I have no problems with EuroGA email ending up in the spam filter.
I do have a rule which moves all EuroGA messages to a separate folder. That might help?

The Gmail spam box is about 10% of the problem. It’s the ones which are dumped totally that are the main problem.

I don’t think the problem is simple though because as I said some people find it works OK. Well, at least they seem to reply to the ones I send, or they don’t indicate that some went missing.

So there may be a special factor which makes a key difference.

As per my other post in the IT section, putting the intended sender in the Contacts probably helps. Creating a filter rule for that sender may well also work. It would make perfect sense to implement that!

But these provisions only work on the email address. Most spam is sent with a forged From: header, so Gmail is going to be looking for other indicators. I am sure that if I sent you an authentic looking viagra advert, especially with an executable file attached, you would not receive that email. OTOH, FWIW, with Messagelabs, I can configure it to always receive whitelisted senders no matter what is attached (virus checking is optional).

Len – I have just sent you two emails which fairly reliably get dumped by Gmail.

Administrator
Shoreham EGKA, United Kingdom

I have just discovered this

It has been “anecdotally known” that adding a known OK sender into your Gmail Contacts book, and creating a folder for him/her, helps to prevent the incoming email being misidentified as spam. But this is the first time I have seen it in writing from Google.

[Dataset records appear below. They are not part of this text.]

lemma jacobian_face_sum_eq_sum_faces:
  "jacobian_face_sum P f = {\<Sum>k\<in>UNIV. y k | y. \<forall>k. y k \<in> face P (jacobian_family f k)}"
proof -
  have sum_option: "(\<Sum>k\<in>UNIV. y k) = y None + (\<Sum>i\<in>UNIV. y (Some i))" for y :: "'a option \<Rightarrow> real^'a"
    by (simp add: UNIV_option_conv sum.reindex)
  show ?thesis
  proof (intro set_eqI iffI)
    fix u assume "u \<in> jacobian_face_sum P f"
    then obtain x y where "u = x + (\<Sum>i\<in>UNIV. y i)" "x \<in> face P f" "\<forall>i. y i \<in> face P (pderiv_ps i f)"
      unfolding jacobian_face_sum_def by blast
    thus "u \<in> {\<Sum>k\<in>UNIV. y k | y. \<forall>k. y k \<in> face P (jacobian_family f k)}"
      by (intro CollectI exI[of _ "case_option x y"])
         (auto simp: sum_option jacobian_family_def split: option.split)
  next
    fix u assume "u \<in> {\<Sum>k\<in>UNIV. y k | y. \<forall>k. y k \<in> face P (jacobian_family f k)}"
    then obtain y where u: "u = (\<Sum>k\<in>UNIV. y k)" and y: "\<forall>k. y k \<in> face P (jacobian_family f k)"
      by blast
    have "y None \<in> face P f" using spec[OF y, of None] by (simp add: jacobian_family_def)
    moreover have "y (Some i) \<in> face P (pderiv_ps i f)" for i
      using spec[OF y, of "Some i"] by (simp add: jacobian_family_def)
    ultimately show "u \<in> jacobian_face_sum P f"
      unfolding jacobian_face_sum_def u sum_option by blast
  qed
qed

lemma support_of_pderiv_ps_zero:
  assumes "pderiv_ps i f = (\<lambda>_. 0)" "f \<nu> \<noteq> 0"
  shows "\<nu> i = 0"
  using pderiv_ps_fun_upd_pred[of \<nu> i f] assms by (auto simp: fun_eq_iff)

lemma support_jacobian_family:
  assumes fi: "pderiv_ps i f = (\<lambda>_. 0)" and "jacobian_family f k a \<noteq> 0"
  shows "a i = 0"
proof (cases k)
  case None thus ?thesis using assms support_of_pderiv_ps_zero[OF fi]
    by (simp add: jacobian_family_def)
next
  case (Some j)
  hence "f (a(j := a j + 1)) \<noteq> 0" using assms(2) by (simp add: jacobian_family_def pderiv_ps_def)
  moreover have "j \<noteq> i" using assms Some by (auto simp: jacobian_family_def)
  ultimately show ?thesis using support_of_pderiv_ps_zero[OF fi] by fastforce
qed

Still, it is not a complete solution. Lots of people still get email from both
EuroGA (PMs i.e. from )
and from me at EuroGA ()
into their gmail spam boxes.

Administrator
Shoreham EGKA, United Kingdom

Does anyone know if the above whitelisting advice for gmail is still current?

Administrator
Shoreham EGKA, United Kingdom

With half of the people here being on gmail, it’s staggering that there seems to be nobody who knows

I don’t use gmail so did a google and it seems that gmail does now (year 2022) offer a proper way to whitelist a sender – e.g. here

Administrator
Shoreham EGKA, United Kingdom

If you have configured SPF/DKIM/DMARC correctly, then the only reason I can think of is that your mail server IP may be blacklisted somewhere:
Check here:
https://www.dnsbl.info/
(most of these blacklist providers give instructions on how to remove your IP from their lists if it is a false positive)

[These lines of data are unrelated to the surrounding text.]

definition contr_gen :: "'s option \<Rightarrow> ('s list \<Rightarrow> laurent) set" where
  "contr_gen x = (case x of None \<Rightarrow> T sp \<otimes> T sm \<otimes> inv (T sp) | Some s \<Rightarrow> T s)"

lemma contr_gen_None_conj_sm: "contr_gen None = inv (T sm) \<otimes> T sp \<otimes> inv (inv (T sm))"
proof -
  have units: "T sp \<in> Units H" "T sm \<in> Units H"
    using T_Units sp sm by blast+
  have "inv (T sm) \<otimes> T sp \<otimes> T sm = inv (T sm) \<otimes> (T sp \<otimes> T sm \<otimes> T sp) \<otimes> inv (T sp)"
    using units by (simp add: Units_closed m_assoc)
  also have "\<dots> = contr_gen None"
    using units by (simp add: T_sp_sm_braid Units_closed m_assoc contr_gen_def)
  finally show ?thesis
    using units by simp
qed

lemma contr_gen_closed: "x \<in> S' \<Longrightarrow> contr_gen x \<in> carrier H"
  using T_Units sp sm by (auto simp: contr_gen_def contr_set_def T_closed Units_closed)

lemma contr_gen_conj:
  assumes "x \<in> S'"
  shows "\<exists>u t. u \<in> Units H \<and> t \<in> S \<and> L t = L' x \<and> contr_gen x = u \<otimes> T t \<otimes> inv u"
proof (cases x)
  case None
  then show ?thesis
    using T_Units sp sm L_sm_eq_L_sp by (auto simp: contr_gen_def)
next
  case (Some s)
  then show ?thesis
    using assms T_closed by (intro exI[of _ \<one>] exI[of _ s]) (auto simp: contr_gen_def contr_set_def)
qed

text \<open>The new vertex is conjugate to \<open>sm\<close> by \<open>T sp\<close> and to \<open>sp\<close> by \<open>T sm\<inverse>\<close>; whichever of
  \<open>sp\<close>, \<open>sm\<close> commutes with \<open>b\<close> provides a conjugation fixing \<open>T b\<close>.\<close>
lemma contr_gen_None_conj_pair:
  assumes b: "b \<in> S - {sp, sm}" and m: "contr_edge_val M sp sm b = enat m"
  shows "\<exists>u a. u \<in> Units H \<and> a \<in> S \<and> a \<noteq> b \<and> M a b = enat m
           \<and> contr_gen None = u \<otimes> T a \<otimes> inv u \<and> T b = u \<otimes> T b \<otimes> inv u"
  using contr_edge_val_eq_enat[OF m]
proof
  assume M: "M b sp = 2 \<and> M b sm = enat m"
  have "T sp \<otimes> T b = T b \<otimes> T sp"
    using T_commute[of sp b] M M_sym[of sp b] b sp by auto
  then have "T b = T sp \<otimes> T b \<otimes> inv (T sp)"
    using conj_commuting[OF T_Units[OF sp] T_closed] b by simp
  with M b sm show ?thesis
    by (intro exI[of _ "T sp"] exI[of _ sm]) (auto simp: T_Units sp M_sym[of sm b] contr_gen_def)
next
  assume M: "M b sm = 2 \<and> M b sp = enat m"
  have "T sm \<otimes> T b = T b \<otimes> T sm"
    using T_commute[of sm b] M M_sym[of sm b] b sm by auto
  then have "inv (T sm) \<otimes> T b = T b \<otimes> inv (T sm)"
    using b sm by (simp add: Units_inv_commute T_Units T_closed)
  then have "T b = inv (T sm) \<otimes> T b \<otimes> inv (inv (T sm))"
    using conj_commuting[OF Units_inv_Units[OF T_Units[OF sm]] T_closed] b by simp
  with M b sp show ?thesis
    by (intro exI[of _ "inv (T sm)"] exI[of _ sp])
      (auto simp: T_Units sm M_sym[of sp b] contr_gen_None_conj_sm)
qed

If not, make sure you configure SPF/DKIM/DMARC correctly:
https://www.cloudflare.com/learning/email-security/dmarc-dkim-spf/

Last Edited by Dimme at 29 Nov 14:06
ESME, ESMS

SPF, I’ve been around many times and it should be right for *@euroga.org. DKIM likewise. DMARC, I have not played with.

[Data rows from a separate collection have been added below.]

(* Assume $\langle f\rangle_X=0$, $N/p\in\mathbb N$, and that $\psi$ satisfies (A1) and (A2). Then there exist constants $C_1,C_2$, depending only on $c_\psi,C_\psi,C'_\psi$ and $p$ (in particular independent of $\epsilon$ and $f$), such that \[ |u^{\rm c}-u|_{H^1}\le \epsilon\, C_1\|f\|_{L^2},\qquad |\langle u^{\rm c}\rangle_X|\le \epsilon^2 C_2\|f\|_{L^2}, \] where $u$ is the solution of the atomistic problem, $u^0$ the solution of the homogenized problem, and $u^{\rm c}$ the corrector.
   Context: Let $\epsilon>0$ and $N,p$ be positive integers, with the normalization $N\epsilon=1$. Set $X_i=\epsilon i$ ($i\in\mathbb Z$) and $Y_j=j$ ($j\in\mathbb Z$). $U^N_{\rm per}(\epsilon\mathbb Z)$ is the space of functions $u:\epsilon\mathbb Z\to\mathbb R$ with $u(X_{i+N})=u(X_i)$ for all $i$, and $U^N_\#(\epsilon\mathbb Z)$ is the subspace with $\langle u\rangle_X:=\frac1N\sum_{i=1}^N u(X_i)=0$. For $u,v\in U^N_{\rm per}(\epsilon\mathbb Z)$: $\langle u,v\rangle_X=\frac1N\sum_{i=1}^N u(X_i)v(X_i)$, $Du(X_i)=(u(X_{i+1})-u(X_i))/\epsilon$, $\|u\|_{L^q}=(\frac1N\sum_{i=1}^N|u(X_i)|^q)^{1/q}$, $|u|_{H^1}=\|Du\|_{L^2}$. A two-scale function is $g:\epsilon\mathbb Z\times\mathbb Z\to\mathbb R$ with $g(X_{i+N},Y_j)=g(X_i,Y_j)=g(X_i,Y_{j+p})$; set $D_Xg(X_i,Y_j)=(g(X_{i+1},Y_j)-g(X_i,Y_j))/\epsilon$, $D_Yg(X_i,Y_j)=g(X_i,Y_{j+1})-g(X_i,Y_j)$, $\langle g\rangle_Y(X_i)=\frac1p\sum_{j=1}^p g(X_i,Y_j)$, $\|g\|_{L^\infty(N,p)}=\max_{1\le i\le N,1\le j\le p}|g(X_i,Y_j)|$. $\psi$ is a two-scale function satisfying (A1) $0<c_\psi\le\psi(X_i,Y_j)\le C_\psi$ for all $i,j$, and (A2) $\|D_X\psi\|_{L^\infty(N,p)}\le C'_\psi$. Define $\psi^\epsilon(X_i)=\psi(X_i,X_i/\epsilon)$ and the homogenized tensor $\psi^0(X_i)=\langle 1/\psi(X_i,\cdot)\rangle_Y^{-1}$. The cell solution $\chi$ is the two-scale function with $\langle\chi(X_i,\cdot)\rangle_Y=0$ for all $i$ and $-D_Y(\psi D_Y\chi)=D_Y\psi$ at every $(X_i,Y_j)$. $f\in U^N_{\rm per}(\epsilon\mathbb Z)$. The atomistic problem: $u\in U^N_\#(\epsilon\mathbb Z)$ with $\langle\psi^\epsilon Du,Dv\rangle_X=\langle f,v\rangle_X$ for all $v\in U^N_{\rm per}(\epsilon\mathbb Z)$. The homogenized problem: $u^0\in U^N_\#(\epsilon\mathbb Z)$ with $\langle\psi^0Du^0,Dv\rangle_X=\langle f,v\rangle_X$ for all $v\in U^N_{\rm per}(\epsilon\mathbb Z)$. The corrector is $u^{\rm c}(X_i)=u^0(X_i)+\epsilon\,\chi(X_i,X_i/\epsilon)\,Du^0(X_i)$. *)

theory Defs
  imports Complex_Main
begin

text \<open>Lattice functions on eps Z are represented by their index: u i stands for u(X_i),
  X_i = eps * i with eps = 1/N. Two-scale functions g i j stand for g(X_i, Y_j), Y_j = j.\<close>

definition per :: "nat \<Rightarrow> (int \<Rightarrow> real) \<Rightarrow> bool" where
  "per N u \<longleftrightarrow> (\<forall>i. u (i + int N) = u i)"

definition per2 :: "nat \<Rightarrow> nat \<Rightarrow> (int \<Rightarrow> int \<Rightarrow> real) \<Rightarrow> bool" where
  "per2 N p g \<longleftrightarrow> (\<forall>i j. g (i + int N) j = g i j \<and> g i (j + int p) = g i j)"

definition avgX :: "nat \<Rightarrow> (int \<Rightarrow> real) \<Rightarrow> real" where
  "avgX N u = (1 / real N) * (\<Sum>i = 1..int N. u i)"

definition ipX :: "nat \<Rightarrow> (int \<Rightarrow> real) \<Rightarrow> (int \<Rightarrow> real) \<Rightarrow> real" where
  "ipX N u v = avgX N (\<lambda>i. u i * v i)"

definition Dd :: "real \<Rightarrow> (int \<Rightarrow> real) \<Rightarrow> int \<Rightarrow> real" where
  "Dd eps u i = (u (i + 1) - u i) / eps"

definition normL2 :: "nat \<Rightarrow> (int \<Rightarrow> real) \<Rightarrow> real" where
  "normL2 N u = sqrt (avgX N (\<lambda>i. (u i)\<^sup>2))"

definition semiH1 :: "nat \<Rightarrow> real \<Rightarrow> (int \<Rightarrow> real) \<Rightarrow> real" where
  "semiH1 N eps u = normL2 N (Dd eps u)"

definition DX :: "real \<Rightarrow> (int \<Rightarrow> int \<Rightarrow> real) \<Rightarrow> int \<Rightarrow> int \<Rightarrow> real" where
  "DX eps g i j = (g (i + 1) j - g i j) / eps"

definition DY :: "(int \<Rightarrow> int \<Rightarrow> real) \<Rightarrow> int \<Rightarrow> int \<Rightarrow> real" where
  "DY g i j = g i (j + 1) - g i j"

definition avgY :: "nat \<Rightarrow> (int \<Rightarrow> real) \<Rightarrow> real" where
  "avgY p h = (1 / real p) * (\<Sum>j = 1..int p. h j)"

definition normLinf2 :: "nat \<Rightarrow> nat \<Rightarrow> (int \<Rightarrow> int \<Rightarrow> real) \<Rightarrow> real" where
  "normLinf2 N p g = Max ((\<lambda>(i, j). \<bar>g i j\<bar>) ` ({1..int N} \<times> {1..int p}))"

text \<open>psi^eps(X_i) = psi(X_i, X_i/eps) = psi(X_i, Y_i).\<close>
definition oscil :: "(int \<Rightarrow> int \<Rightarrow> real) \<Rightarrow> int \<Rightarrow> real" where
  "oscil g i = g i i"

definition psi_hom :: "nat \<Rightarrow> (int \<Rightarrow> int \<Rightarrow> real) \<Rightarrow> int \<Rightarrow> real" where
  "psi_hom p psi i = 1 / avgY p (\<lambda>j. 1 / psi i j)"

definition cell_solution :: "nat \<Rightarrow> nat \<Rightarrow> (int \<Rightarrow> int \<Rightarrow> real) \<Rightarrow> (int \<Rightarrow> int \<Rightarrow> real) \<Rightarrow> bool" where
  "cell_solution N p psi chi \<longleftrightarrow> per2 N p chi \<and> (\<forall>i. avgY p (chi i) = 0) \<and>
     (\<forall>i j. - DY (\<lambda>i' j'. psi i' j' * DY chi i' j') i j = DY psi i j)"

definition weak_sol :: "nat \<Rightarrow> (int \<Rightarrow> real) \<Rightarrow> (int \<Rightarrow> real) \<Rightarrow> (int \<Rightarrow> real) \<Rightarrow> bool" where
  "weak_sol N a f u \<longleftrightarrow> per N u \<and> avgX N u = 0 \<and>
     (\<forall>v. per N v \<longrightarrow> ipX N (\<lambda>i. a i * Dd (1 / real N) u i) (Dd (1 / real N) v) = ipX N f v)"

definition corrector :: "nat \<Rightarrow> (int \<Rightarrow> int \<Rightarrow> real) \<Rightarrow> (int \<Rightarrow> real) \<Rightarrow> int \<Rightarrow> real" where
  "corrector N chi u0 i = u0 i + (1 / real N) * chi i i * Dd (1 / real N) u0 i"

end

theory Submission
  imports Defs "HOL-Analysis.Convex"
begin

text \<open>In one dimension the discrete equations integrate once: the fluxes psi^eps Du and
  psi0 Du0 both drop by f/N per site, so they differ by a constant, the flux gap. The cell
  problem is solved explicitly, 1 + D_Y chi = psi0/psi, hence Du = Du0 (1 + D_Y chi) + gap/psi^eps
  and the order-one part of D(u^c - u) cancels; the rest is the slow variation of chi and Du0,
  which is O(eps). The flux gap and the mean of u^c are sums of slowly varying quantities
  against p-periodic functions of zero mean, and grouping the N = q p sites into periods shows
  that such sums gain a factor eps. Everything is measured through the flux, which is bounded
  by the discrete L1 norm of f, hence by its L2 norm.\<close>

section \<open>Periodic sums on the integers\<close>

lemma sum_atLeastAtMost_1_int: "(\<Sum>i = 1..int N. F i) = (\<Sum>k<N. F (1 + int k))"
  by (rule sum.reindex_bij_witness[of _ "\<lambda>k. 1 + int k" "\<lambda>i. nat (i - 1)"]) auto

lemma sum_shift_periodic:
  fixes h :: "int \<Rightarrow> 'a::ab_group_add"
  assumes per: "\<And>j. h (j + int n) = h j"
  shows "(\<Sum>r<n. h (b + int r)) = (\<Sum>r<n. h (a + int r))"
proof -
  have step: "(\<Sum>r<n. h (x + 1 + int r)) = (\<Sum>r<n. h (x + int r))" for x
  proof -
    have "(\<Sum>r<n. h (x + 1 + int r)) - (\<Sum>r<n. h (x + int r)) = h (x + int n) - h x"
      using sum_lessThan_telescope[of "\<lambda>r. h (x + int r)" n] by (simp add: sum_subtractf add_ac)
    then show ?thesis using per[of x] by simp
  qed
  show ?thesis
  proof (induction b rule: int_induct[where k=a])
    case (step1 i) then show ?case using step[of i] by simp
  next
    case (step2 i) then show ?case using step[of "i - 1"] by simp
  qed simp
qed

lemma periodic_add_mult:
  assumes per: "\<And>x. h (x + int n) = h x"
  shows "h (x + k * int n) = h x"
proof (induction k rule: int_induct[where k=0])
  case (step1 k)
  then show ?case using per[of "x + k * int n"] by (simp add: algebra_simps)
next
  case (step2 k)
  then show ?case using per[of "x + (k - 1) * int n"] by (simp add: algebra_simps)
qed simp

lemma periodic_representative:
  assumes per: "\<And>x. h (x + int n) = h x" and "0 < n"
  obtains x' where "x' \<in> {1..int n}" "h x = h x'"
proof
  let ?x' = "(x - 1) mod int n + 1"
  have "x = ?x' + ((x - 1) div int n) * int n" by simp
  then show "h x = h ?x'" using periodic_add_mult[where h=h, OF per] by metis
  show "?x' \<in> {1..int n}" using \<open>0 < n\<close> by (simp add: pos_mod_bound add1_zle_eq)
qed

lemma abs_diff_le_sum_steps:
  fixes g :: "int \<Rightarrow> real"
  shows "\<bar>g (a + int r) - g a\<bar> \<le> (\<Sum>k<r. \<bar>g (a + int k + 1) - g (a + int k)\<bar>)"
proof -
  have "g (a + int r) - g a = (\<Sum>k<r. g (a + int k + 1) - g (a + int k))"
    using sum_lessThan_telescope[of "\<lambda>k. g (a + int k)" r] by (simp add: add_ac)
  then show ?thesis by (simp only: sum_abs)
qed

lemma abs_diff_le_of_steps:
  fixes g :: "int \<Rightarrow> real"
  assumes "\<And>j. \<bar>g (j + 1) - g j\<bar> \<le> d"
  shows "\<bar>g (a + int r) - g a\<bar> \<le> real r * d"
proof -
  have "\<bar>g (a + int r) - g a\<bar> \<le> (\<Sum>k<r. \<bar>g (a + int k + 1) - g (a + int k)\<bar>)"
    by (rule abs_diff_le_sum_steps)
  also have "\<dots> \<le> (\<Sum>k<r. d)" by (rule sum_mono) (rule assms)
  finally show ?thesis by simp
qed

lemma abs_le_of_weighted_sum_eq_0:
  fixes q h :: "nat \<Rightarrow> real"
  assumes "0 < n" and q_pos: "\<And>r. r < n \<Longrightarrow> 0 < q r" and "(\<Sum>r<n. q r * h r) = 0"
    and dev: "\<And>r. r < n \<Longrightarrow> \<bar>h r - h 0\<bar> \<le> B"
  shows "\<bar>h 0\<bar> \<le> B"
proof -
  have Q: "0 < (\<Sum>r<n. q r)" using assms(1) q_pos by (intro sum_pos) auto
  have "h 0 * (\<Sum>r<n. q r) = (\<Sum>r<n. q r * (h 0 - h r))"
    using assms(3) by (simp add: sum_distrib_left sum_subtractf algebra_simps)
  then have "\<bar>h 0\<bar> * (\<Sum>r<n. q r) = \<bar>\<Sum>r<n. q r * (h 0 - h r)\<bar>"
    using Q by (metis abs_mult abs_of_pos)
  also have "\<dots> \<le> (\<Sum>r<n. \<bar>q r * (h 0 - h r)\<bar>)" by (rule sum_abs)
  also have "\<dots> \<le> (\<Sum>r<n. q r * B)"
  proof (rule sum_mono)
    fix r assume "r \<in> {..<n}"
    then show "\<bar>q r * (h 0 - h r)\<bar> \<le> q r * B"
      using q_pos[of r] dev[of r] by (simp add: abs_mult abs_minus_commute mult_left_mono)
  qed
  also have "\<dots> = B * (\<Sum>r<n. q r)" by (simp add: sum_distrib_left mult.commute)
  finally show ?thesis using Q by simp
qed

But as you know none of this is clear cut. DKIM just proves the domain in the From: header has config access to the DNS record of that domain. I could set up iamaconman.com and send out emails with perfect SPF and perfect DKIM.
Nobody “real” should be dumping incoming emails because DKIM doesn’t match… what about a sender on gmail.com ??

Gmail has a long history of crap “rules” e.g. a one word email (to a long term established recipient) would be dumped every time, 2+ words would be ok. Only a committee which has way too many sofas could have come up with something that stupid

Administrator
Shoreham EGKA, United Kingdom

Google has just implemented a hard policy on requiring either SPF or DKIM. And it absolutely dumps everything else regardless of content or whether the sender is “whitelisted” which according to “various suggestions” (nobody actually knows) is done by setting up a folder for the sender.

This is dumb but google owns the world now and most people use gmail so they got you by the balls. SPF is impossible to fix once and for all time but most domain hosting services which offer email sending also offer free DKIM.

Administrator
Shoreham EGKA, United Kingdom

Peter wrote:

most people use gmail

I use gmail as a spam filter when I have to register something unimportant, I use gmail. Later on when they start to send ads or when this address is leaked, no harm is done because this mail account is mainly useless to me. I really feel sorry for people who use gmail as their primary email account.